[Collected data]
>>>

(* Let $r \in \mathbb{Z}_{\geqslant 1}$. For any real $x \geqslant 1$, $$\sum_{m \leqslant x} 2^{\omega(m)} \sum_{\substack{n \leqslant x/m \\ (m, \gamma(n)) = 1}} r^{\omega(n)} = \sum_{m \leqslant x} (r+2)^{\omega(m)}.$$
   Context: $\omega(n)$ is the number of distinct prime factors of $n$ and $\gamma(n) := \prod_{p \mid n} p$ is the squarefree kernel of $n$ (with $\gamma(1)=1$). Sums run over positive integers. *)

theory Defs
  imports "HOL-Computational_Algebra.Primes" Complex_Main
begin

definition omega :: "nat \<Rightarrow> nat" where
  "omega n = card (prime_factors n)"

definition gamma :: "nat \<Rightarrow> nat" where
  "gamma n = (\<Prod>p\<in>prime_factors n. p)"

end

theory Submission
  imports Defs
begin

(* Since gamma n has the same prime factors as n, the condition (m, gamma n) = 1 is just
   (m, n) = 1. Grouping the coprime pairs (m, n) by N = m n turns the left-hand side into
   the sum over N <= x of 2^omega(d) r^omega(N/d) over the unitary divisors d of N, those
   with (d, N/d) = 1. A unitary divisor is determined by its set S of prime factors, and
   every subset S of the prime factors of N occurs, so the inner sum is the binomial sum
   of 2^|S| r^(omega N - |S|) over all S, which is (r + 2)^omega(N). *)

lemma coprime_iff_prime_factors_disjoint:
  fixes a b :: nat
  assumes "a \<noteq> 0" "b \<noteq> 0"
  shows "coprime a b \<longleftrightarrow> prime_factors a \<inter> prime_factors b = {}"
proof -
  have "coprime a b \<longleftrightarrow> prime_factorization (gcd a b) = {#}"
    using assms by (simp add: prime_factorization_empty_iff coprime_iff_gcd_eq_1)
  also have "\<dots> \<longleftrightarrow> prime_factors (gcd a b) = {}"
    by simp
  finally show ?thesis
    using assms by simp
qed

lemma prime_factors_prime_power:
  "prime p \<Longrightarrow> k > 0 \<Longrightarrow> prime_factors (p ^ k) = {p}"
  by (simp add: prime_factorization_prime_power)

lemma prime_factors_gamma [simp]: "prime_factors (gamma n) = prime_factors n"
proof -
  have "prime_factors (gamma n) = (\<Union>p\<in>prime_factors n. prime_factors p)"
    unfolding gamma_def by (subst prime_factors_prod) (simp_all add: comp_def)
  also have "\<dots> = (\<Union>p\<in>prime_factors n. {p})"
    by (intro SUP_cong refl prime_prime_factors) auto
  also have "\<dots> = prime_factors n"
    by simp
  finally show ?thesis .
qed

lemma gamma_pos: "gamma n > 0"
  unfolding gamma_def by (auto intro: prime_gt_0_nat)

lemma coprime_gamma_right_iff:
  fixes m n :: nat
  assumes "m \<noteq> 0" "n \<noteq> 0"
  shows "coprime m (gamma n) \<longleftrightarrow> coprime m n"
  using assms gamma_pos[of n] by (simp add: coprime_iff_prime_factors_disjoint)

definition unitary_divisors :: "nat \<Rightarrow> nat set" where
  "unitary_divisors N = {d. d dvd N \<and> coprime d (N div d)}"

lemma finite_unitary_divisors: "N > 0 \<Longrightarrow> finite (unitary_divisors N)"
  unfolding unitary_divisors_def by (auto intro: finite_subset[OF _ finite_divisors_nat])

lemma prime_factors_unitary_cofactor:
  assumes "N > 0" "d \<in> unitary_divisors N"
  shows "prime_factors (N div d) = prime_factors N - prime_factors d"
proof -
  have d: "d dvd N" "coprime d (N div d)"
    using assms(2) by (auto simp: unitary_divisors_def)
  have nz: "d \<noteq> 0" "N div d \<noteq> 0"
    using d(1) assms(1) by auto
  have "prime_factors N = prime_factors d \<union> prime_factors (N div d)"
    using prime_factors_product[OF nz] d(1) by simp
  moreover have "prime_factors d \<inter> prime_factors (N div d) = {}"
    using d(2) nz by (simp add: coprime_iff_prime_factors_disjoint)
  ultimately show ?thesis by blast
qed

lemma prod_prime_factors_unitary_divisor:
  assumes "N > 0" "d \<in> unitary_divisors N"
  shows "(\<Prod>p\<in>prime_factors d. p ^ multiplicity p N) = d"
proof -
  have d: "d dvd N" and nz: "d \<noteq> 0" "N div d \<noteq> 0"
    using assms by (auto simp: unitary_divisors_def)
  have "multiplicity p N = multiplicity p d" if p: "p \<in> prime_factors d" for p
  proof -
    have "p \<notin> prime_factors (N div d)"
      using p prime_factors_unitary_cofactor[OF assms] by blast
    then have "multiplicity p (N div d) = 0"
      using p nz(2) by (auto simp: in_prime_factors_iff not_dvd_imp_multiplicity_0)
    moreover have "multiplicity p N = multiplicity p d + multiplicity p (N div d)"
      using prime_elem_multiplicity_mult_distrib[OF _ nz, of p] p d by auto
    ultimately show ?thesis by simp
  qed
  then have "(\<Prod>p\<in>prime_factors d. p ^ multiplicity p N) = (\<Prod>p\<in>prime_factors d. p ^ multiplicity p d)"
    by (intro prod.cong) simp_all
  also have "\<dots> = d"
    using nz(1) by (simp add: prime_factorization_nat[symmetric])
  finally show ?thesis .
qed

lemma prime_factors_prod_prime_powers:
  assumes "N > 0" "S \<subseteq> prime_factors N"
  shows "prime_factors (\<Prod>p\<in>S. p ^ multiplicity p N) = S"
proof -
  have "finite S"
    using assms(2) finite_subset by blast
  then have "prime_factors (\<Prod>p\<in>S. p ^ multiplicity p N) = (\<Union>p\<in>S. prime_factors (p ^ multiplicity p N))"
    using assms(2) by (subst prime_factors_prod) (auto simp: comp_def)
  also have "\<dots> = (\<Union>p\<in>S. {p})"
    using assms by (intro SUP_cong refl prime_factors_prime_power) (auto simp: prime_factors_multiplicity)
  finally show ?thesis by simp
qed

lemma prod_prime_powers_in_unitary_divisors:
  assumes "N > 0" "S \<subseteq> prime_factors N"
  shows "(\<Prod>p\<in>S. p ^ multiplicity p N) \<in> unitary_divisors N"
proof -
  define d e where "d = (\<Prod>p\<in>S. p ^ multiplicity p N)"
    and "e = (\<Prod>p\<in>prime_factors N - S. p ^ multiplicity p N)"
  have "N = (\<Prod>p\<in>prime_factors N. p ^ multiplicity p N)"
    by (rule prime_factorization_nat[OF assms(1)])
  also have "\<dots> = e * d"
    unfolding d_def e_def using assms(2) by (intro prod.subset_diff) auto
  finally have N: "N = e * d" .
  then have nz: "d \<noteq> 0" "e \<noteq> 0"
    using assms(1) by auto
  have "prime_factors d \<inter> prime_factors e = {}"
    using assms unfolding d_def e_def by (simp add: prime_factors_prod_prime_powers)
  then have "coprime d e"
    using nz by (simp add: coprime_iff_prime_factors_disjoint)
  moreover have "d dvd N" "N div d = e"
    using N nz by simp_all
  ultimately show ?thesis
    unfolding d_def[symmetric] unitary_divisors_def by simp
qed

lemma bij_betw_prime_factors_unitary_divisors:
  assumes "N > 0"
  shows "bij_betw prime_factors (unitary_divisors N) (Pow (prime_factors N))"
proof (rule bij_betw_byWitness[where f' = "\<lambda>S. \<Prod>p\<in>S. p ^ multiplicity p N"])
  show "\<forall>d\<in>unitary_divisors N. (\<Prod>p\<in>prime_factors d. p ^ multiplicity p N) = d"
    using prod_prime_factors_unitary_divisor[OF assms] by simp
  show "\<forall>S\<in>Pow (prime_factors N). prime_factors (\<Prod>p\<in>S. p ^ multiplicity p N) = S"
    using prime_factors_prod_prime_powers[OF assms] by simp
  show "prime_factors ` unitary_divisors N \<subseteq> Pow (prime_factors N)"
    using assms by (intro image_subsetI PowI dvd_prime_factors) (auto simp: unitary_divisors_def)
  show "(\<lambda>S. \<Prod>p\<in>S. p ^ multiplicity p N) ` Pow (prime_factors N) \<subseteq> unitary_divisors N"
    by (intro image_subsetI prod_prime_powers_in_unitary_divisors[OF assms]) simp
qed

lemma sum_unitary_divisors_power_omega:
  fixes a b :: "'a :: comm_semiring_1"
  assumes "N > 0"
  shows "(\<Sum>d\<in>unitary_divisors N. a ^ omega d * b ^ omega (N div d)) = (a + b) ^ omega N"
proof -
  have "(\<Sum>d\<in>unitary_divisors N. a ^ omega d * b ^ omega (N div d))
      = (\<Sum>d\<in>unitary_divisors N. a ^ card (prime_factors d) * b ^ card (prime_factors N - prime_factors d))"
    using prime_factors_unitary_cofactor[OF assms] by (simp add: omega_def)
  also have "\<dots> = (\<Sum>S\<in>Pow (prime_factors N). a ^ card S * b ^ card (prime_factors N - S))"
    using sum.reindex_bij_betw[OF bij_betw_prime_factors_unitary_divisors[OF assms]] by simp
  also have "\<dots> = (\<Prod>p\<in>prime_factors N. a + b)"
    by (subst prod_add) simp_all
  finally show ?thesis
    by (simp add: omega_def)
qed

lemma finite_nat_real_le: "finite {n::nat. real n \<le> y}"
proof (rule finite_subset)
  show "{n::nat. real n \<le> y} \<subseteq> {..nat \<lfloor>y\<rfloor>}"
    by (auto simp: le_nat_floor)
qed simp

lemma sum_coprime_pairs_eq_sum_unitary_divisors:
  fixes f :: "nat \<Rightarrow> nat \<Rightarrow> 'a :: comm_monoid_add" and x :: real
  defines "A \<equiv> {m::nat. 1 \<le> m \<and> real m \<le> x}"
  shows "(\<Sum>m\<in>A. \<Sum>n\<in>{n. 1 \<le> n \<and> real n \<le> x / real m \<and> coprime m n}. f m n)
       = (\<Sum>N\<in>A. \<Sum>d\<in>unitary_divisors N. f d (N div d))"
proof -
  define B where "B m = {n. 1 \<le> n \<and> real n \<le> x / real m \<and> coprime m n}" for m
  have bound_iff: "real n \<le> x / real m \<longleftrightarrow> real (m * n) \<le> x" if "m \<ge> 1" for m n
    using that by (simp add: field_simps)
  have finite: "finite A" "finite (B m)" for m
    unfolding A_def B_def by (simp_all add: finite_nat_real_le)
  have "(\<Sum>m\<in>A. \<Sum>n\<in>B m. f m n) = (\<Sum>(m, n)\<in>Sigma A B. f m n)"
    using finite by (intro sum.Sigma) auto
  also have "\<dots> = (\<Sum>(N, d)\<in>Sigma A unitary_divisors. f d (N div d))"
  proof (rule sum.reindex_bij_witness[where i = "\<lambda>(N, d). (d, N div d)" and j = "\<lambda>(m, n). (m * n, m)"])
    fix mn assume "mn \<in> Sigma A B"
    then obtain m n where mn: "mn = (m, n)" "1 \<le> m" "1 \<le> n" "real (m * n) \<le> x" "coprime m n"
      unfolding A_def B_def using bound_iff by auto
    moreover have "real m \<le> real (m * n)"
      using mn(3) by (simp only: of_nat_le_iff) simp
    ultimately show "(case mn of (m, n) \<Rightarrow> (m * n, m)) \<in> Sigma A unitary_divisors"
      and "(case case mn of (m, n) \<Rightarrow> (m * n, m) of (N, d) \<Rightarrow> (d, N div d)) = mn"
      unfolding A_def unitary_divisors_def by auto
  next
    fix Nd assume "Nd \<in> Sigma A unitary_divisors"
    then obtain N d where Nd: "Nd = (N, d)" "1 \<le> N" "real N \<le> x" "d dvd N" "coprime d (N div d)"
      unfolding A_def unitary_divisors_def by auto
    then have d: "d * (N div d) = N" "1 \<le> d" "1 \<le> N div d" "d \<le> N"
      by (auto intro: dvd_imp_le simp: Suc_le_eq dvd_div_eq_0_iff)
    have "real d \<le> x"
      using d(4) Nd(3) of_nat_le_iff[of d N] by linarith
    then have "d \<in> A"
      using d(2) by (simp add: A_def)
    have "real (N div d) \<le> x / real d"
      using bound_iff[of d "N div d"] d(1,2) Nd(3) by simp
    then have "N div d \<in> B d"
      using d(3) Nd(5) by (simp add: B_def)
    with \<open>d \<in> A\<close> show "(case Nd of (N, d) \<Rightarrow> (d, N div d)) \<in> Sigma A B"
      using Nd(1) by simp
    show "(case case Nd of (N, d) \<Rightarrow> (d, N div d) of (m, n) \<Rightarrow> (m * n, m)) = Nd"
      using Nd(1) d(1) by simp
  qed (auto simp: A_def)
  also have "\<dots> = (\<Sum>N\<in>A. \<Sum>d\<in>unitary_divisors N. f d (N div d))"
    using finite(1) finite_unitary_divisors by (intro sum.Sigma[symmetric]) (auto simp: A_def)
  finally show ?thesis
    unfolding B_def .
qed

theorem lemma4p3:
  fixes r :: nat and x :: real
  assumes "r \<ge> 1" and "x \<ge> 1"
  shows "(\<Sum>m\<in>{m::nat. 1 \<le> m \<and> real m \<le> x}.
            2 ^ omega m * (\<Sum>n\<in>{n::nat. 1 \<le> n \<and> real n \<le> x / real m \<and> coprime m (gamma n)}.
                             r ^ omega n))
         = (\<Sum>m\<in>{m::nat. 1 \<le> m \<and> real m \<le> x}. (r + 2) ^ omega m)"
proof -
  \<comment> \<open>The identity holds for all r and x.\<close>
  define A where "A = {m::nat. 1 \<le> m \<and> real m \<le> x}"
  have "(\<Sum>m\<in>A. 2 ^ omega m * (\<Sum>n\<in>{n. 1 \<le> n \<and> real n \<le> x / real m \<and> coprime m (gamma n)}. r ^ omega n))
      = (\<Sum>m\<in>A. \<Sum>n\<in>{n. 1 \<le> n \<and> real n \<le> x / real m \<and> coprime m n}. 2 ^ omega m * r ^ omega n)"
    unfolding A_def sum_distrib_left by (intro sum.cong Collect_cong) (auto simp: coprime_gamma_right_iff)
  also have "\<dots> = (\<Sum>N\<in>A. \<Sum>d\<in>unitary_divisors N. 2 ^ omega d * r ^ omega (N div d))"
    unfolding A_def by (rule sum_coprime_pairs_eq_sum_unitary_divisors)
  also have "\<dots> = (\<Sum>N\<in>A. (r + 2) ^ omega N)"
    unfolding A_def by (intro sum.cong refl) (simp add: sum_unitary_divisors_power_omega add.commute)
  finally show ?thesis
    unfolding A_def .
qed

end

<<<

_Problem statement_
Count, in the records above, the lines that contain the word "longleftrightarrow"; the answer is that number alone.

_Written answer_
5